Response: Same as multi-partition search

GET /search/partition/{partition}/file/{file_id}

Search within a particular file in a partition.

Query Parameters: Same as partition search Response: Same as other search endpoints


GET /extract/{extract_id}

Retrieve specific document extract (chunk) by ID.

Response: JSON containing extract content and metadata


These endpoints provide full OpenAI API compatibility for seamless integration with existing tools and workflows. For detailed example of openai usage see this section

  • List Available Models
GET /v1/models

List all available RAG models (partitions).

Model Naming Convention:

  • Pattern: openrag-{partition_name} => This model allows to chat specifically with the partition {partition_name}
  • Special model: partition-all (queries entire vector database)
  • Chat Completions
POST /v1/chat/completions

OpenAI-compatible chat completion using RAG pipeline.

Request Body:

curl -X POST http://localhost:8080/v1/chat/completions \
-H "Content-Type: application/json" \
-H "Authorization: Bearer YOUR_AUTH_TOKEN" \
-d '{
"model": "openrag-{partition_name}",
"messages": [
{
"role": "user",
"content": "Your question here"
}
],
"temperature": 0.7,
"stream": false
}'
  • Text Completions
POST /v1/completions

OpenAI-compatible text completion endpoint.

For indexing multiple files programmatically, you can use this script data_indexer.py utility script in the 📁 utility folder or simply use indexer ui.
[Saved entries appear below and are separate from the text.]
(* Assume there is a linear operator $\mathfrak{R}:V\to W'$ and constants $\alpha_*>0$, $M^*>0$ with $$\inf_{w\in W,\,w\ne0}\ \sup_{v\in V,\,v\neq0}\frac{\langle\mathfrak{R}v,w\rangle}{\|w\|_W\|v\|_V}\ge\alpha_*,\qquad\|\mathfrak{R}v\|_{W'}\le M^*\|v\|_V\ \ \forall v\in V,$$ and that there is $\kappa>0$ with $$\kappa\|w\|_W\le\sup_{v_\eta\in V_\eta,\ v_\eta\neq0}\frac{\mathcal{A}(w,v_\eta)}{\|v_\eta\|_V}\quad\text{for all } w\in W_\theta\cup S_\theta.$$ Let $u^*_\theta\in\mathrm{cl}^{seq}_w(W_\theta)$ be the weak limit in $W$ of a minimizing sequence $(\tilde w^n_\theta)\subset W_\theta$, i.e. $\lim_n\|u-\tilde w^n_\theta\|_{op,\eta}=\inf_{w_\theta\in W_\theta}\|u-w_\theta\|_{op,\eta}$. Then $$\|u-u^*_\theta\|_W\le\Big(1+2\frac{M^*}{\alpha_*}\frac{M}{\kappa}\Big)\inf_{w_\theta\in W_\theta}\|u-w_\theta\|_W.$$
   Context: $W$ and $V$ are reflexive separable real Banach spaces, $W'$ the dual of $W$ with duality pairing $\langle\cdot,\cdot\rangle$. $\mathcal{A}:W\times V\to\mathbb{R}$ is a bilinear form with $\mathcal{A}(w,v)\le M\|w\|_W\|v\|_V$, $\mathcal{F}:V\to\mathbb{R}$ is bounded linear, and $u\in W$ is the unique solution of $\mathcal{A}(u,v)=\mathcal{F}(v)$ for all $v\in V$. $W_\theta\subseteq W$ and $V_\eta\subseteq V$ are arbitrary subsets, $V_\eta$ containing an element of nonzero norm. For $w\in W$, $\|w\|_{op,\eta}:=\sup_{v_\eta\in V_\eta,\ \|v_\eta\|_V\neq0}\mathcal{A}(w,v_\eta)/\|v_\eta\|_V$. $S_\theta:=\{w_1-w_2:\ w_1,w_2\in W_\theta\}$. $\mathrm{cl}^{seq}_w(W_\theta)$ is the set of all weak limits in $W$ of sequences in $W_\theta$. *)

theory Defs
  imports "HOL-Analysis.Analysis"
begin

definition weak_conv :: "(nat \<Rightarrow> 'a::real_normed_vector) \<Rightarrow> 'a \<Rightarrow> bool" where
  "weak_conv xs x \<longleftrightarrow> (\<forall>f :: 'a \<Rightarrow>\<^sub>L real. (\<lambda>n. blinfun_apply f (xs n)) \<longlonglongrightarrow> blinfun_apply f x)"

definition weak_seq_closure :: "'a::real_normed_vector set \<Rightarrow> 'a set" where
  "weak_seq_closure S = {x. \<exists>xs. (\<forall>n. xs n \<in> S) \<and> weak_conv xs x}"

definition reflexive_space :: "'a::real_normed_vector itself \<Rightarrow> bool" where
  "reflexive_space _ \<longleftrightarrow>
     (\<forall>\<phi> :: ('a \<Rightarrow>\<^sub>L real) \<Rightarrow>\<^sub>L real. \<exists>x::'a. \<forall>f. blinfun_apply \<phi> f = blinfun_apply f x)"

definition separable_space :: "'a::real_normed_vector itself \<Rightarrow> bool" where
  "separable_space _ \<longleftrightarrow> (\<exists>D :: 'a set. countable D \<and> closure D = UNIV)"

definition op_norm_eta ::
  "('w \<Rightarrow> 'v::real_normed_vector \<Rightarrow> real) \<Rightarrow> 'v set \<Rightarrow> 'w \<Rightarrow> real" where
  "op_norm_eta A Veta w = (SUP v\<in>{v \<in> Veta. v \<noteq> 0}. A w v / norm v)"

definition diff_set :: "'a::ab_group_add set \<Rightarrow> 'a set" where
  "diff_set S = {w1 - w2 | w1 w2. w1 \<in> S \<and> w2 \<in> S}"

end

theory Submission
  imports Defs
begin

text \<open>Fix \<open>w \<in> W\<^sub>\<theta>\<close>. Stability on differences and the triangle inequality for the discrete
  operator norm give \<open>\<kappa> \<parallel>w - w\<^sub>n\<parallel> \<le> \<parallel>u - w\<^sub>n\<parallel>\<^sub>o\<^sub>p + M \<parallel>u - w\<parallel>\<close>, and the right-hand side tends
  to at most \<open>2 M \<parallel>u - w\<parallel>\<close> along the minimizing sequence. The norm is weakly lower
  semicontinuous, but rather than Hahn--Banach the inf-sup condition on \<open>\<R>\<close> supplies the
  weakly continuous functionals \<open>\<langle>\<R> v, \<cdot>\<rangle>\<close> that control the norm up to \<open>M\<^sup>*/\<alpha>\<^sub>*\<close>. Hence
  \<open>\<parallel>u\<^sup>* - w\<parallel> \<le> 2 (M\<^sup>*/\<alpha>\<^sub>*)(M/\<kappa>) \<parallel>u - w\<parallel>\<close>, and the triangle inequality finishes the proof.\<close>

lemma weak_conv_diff:
  assumes "weak_conv xs x"
  shows "weak_conv (\<lambda>n. xs n - y) (x - y)"
  using assms unfolding weak_conv_def by (auto simp: blinfun.diff_right intro: tendsto_diff)

lemma norm_le_of_infsup:
  fixes R :: "'v::real_normed_vector \<Rightarrow> ('w::real_normed_vector \<Rightarrow>\<^sub>L real)"
  assumes infsup: "x \<noteq> 0 \<Longrightarrow>
      \<alpha> \<le> (SUP v\<in>{v. v \<noteq> 0}. blinfun_apply (R v) x / (norm x * norm v))"
    and nontrivial: "\<exists>v::'v. v \<noteq> 0"
    and R_le: "\<And>v. blinfun_apply (R v) x \<le> C * norm v"
    and C_nonneg: "0 \<le> C"
  shows "\<alpha> * norm x \<le> C"
proof (cases "x = 0")
  case False
  then have nx: "norm x > 0" by simp
  have "\<alpha> \<le> (SUP v\<in>{v. v \<noteq> 0}. blinfun_apply (R v) x / (norm x * norm v))"
    using infsup[OF False] .
  also have "\<dots> \<le> C / norm x"
  proof (rule cSUP_least)
    show "{v::'v. v \<noteq> 0} \<noteq> {}" using nontrivial by auto
    fix v :: 'v assume "v \<in> {v. v \<noteq> 0}"
    then have "norm v > 0" by simp
    then show "blinfun_apply (R v) x / (norm x * norm v) \<le> C / norm x"
      using R_le[of v] nx by (simp add: divide_simps)
  qed
  finally show ?thesis using nx by (simp add: le_divide_eq)
qed (simp add: C_nonneg)

lemma weak_limit_norm_le:
  fixes R :: "'v::real_normed_vector \<Rightarrow> ('w::real_normed_vector \<Rightarrow>\<^sub>L real)"
  assumes weak: "weak_conv xs x"
    and xs_le: "\<And>n. norm (xs n) \<le> c n" and c_lim: "c \<longlonglongrightarrow> C"
    and R_bound: "\<And>v. norm (R v) \<le> M\<^sub>R * norm v" and M\<^sub>R_nonneg: "0 \<le> M\<^sub>R"
    and infsup: "x \<noteq> 0 \<Longrightarrow>
      \<alpha> \<le> (SUP v\<in>{v. v \<noteq> 0}. blinfun_apply (R v) x / (norm x * norm v))"
    and nontrivial: "\<exists>v::'v. v \<noteq> 0"
  shows "\<alpha> * norm x \<le> M\<^sub>R * C"
proof (rule norm_le_of_infsup[OF infsup nontrivial])
  show "0 \<le> M\<^sub>R * C"
    using M\<^sub>R_nonneg order_trans[OF norm_ge_zero xs_le]
    by (intro mult_nonneg_nonneg LIMSEQ_le_const[OF c_lim]) auto
  fix v
  have "blinfun_apply (R v) (xs n) \<le> M\<^sub>R * norm v * c n" for n
  proof -
    have "blinfun_apply (R v) (xs n) \<le> norm (R v) * norm (xs n)"
      using norm_blinfun[of "R v" "xs n"] by simp
    also have "\<dots> \<le> M\<^sub>R * norm v * c n"
      using R_bound[of v] xs_le[of n] M\<^sub>R_nonneg by (intro mult_mono) auto
    finally show ?thesis .
  qed
  moreover have "(\<lambda>n. blinfun_apply (R v) (xs n)) \<longlonglongrightarrow> blinfun_apply (R v) x"
    using weak unfolding weak_conv_def by blast
  ultimately have "blinfun_apply (R v) x \<le> M\<^sub>R * norm v * C"
    by (intro tendsto_le[OF _ tendsto_mult_left[OF c_lim]]) auto
  then show "blinfun_apply (R v) x \<le> M\<^sub>R * C * norm v"
    by (simp add: mult.commute mult.left_commute)
qed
from openai import OpenAI, AsyncOpenAI
api_base_url = "http://localhost:8080" # fastapi base url of 'openrag'
base_url = f"{api_base_url}/v1"
auth_key = ... # your api authentification key AUTH_TOKEN in your .env. Is authentification is disabled, use a placeholder like 'sk-1234'
client = OpenAI(api_key=auth_key, base_url=base_url)
your_partition= 'my_partition' # name of your partition
model = f"openrag-{your_partition}"
settings = {
'model': model,
'temperature': 0.3,
'stream': False
}
response = client.chat.completions.create(
**settings,
messages=[
{"role": "user", "content": "What information do you have about...?"}
]
)

The API uses standard HTTP status codes:

  • 200 OK: Successful request
  • 201 Created: Resource created successfully
  • 202 Accepted: Request accepted for processing
  • 204 No Content: Successful deletion
  • 400 Bad Request: Invalid request parameters
  • 404 Not Found: Resource not found
  • 409 Conflict: Resource already exists

Error responses include detailed JSON messages to help with debugging and integration.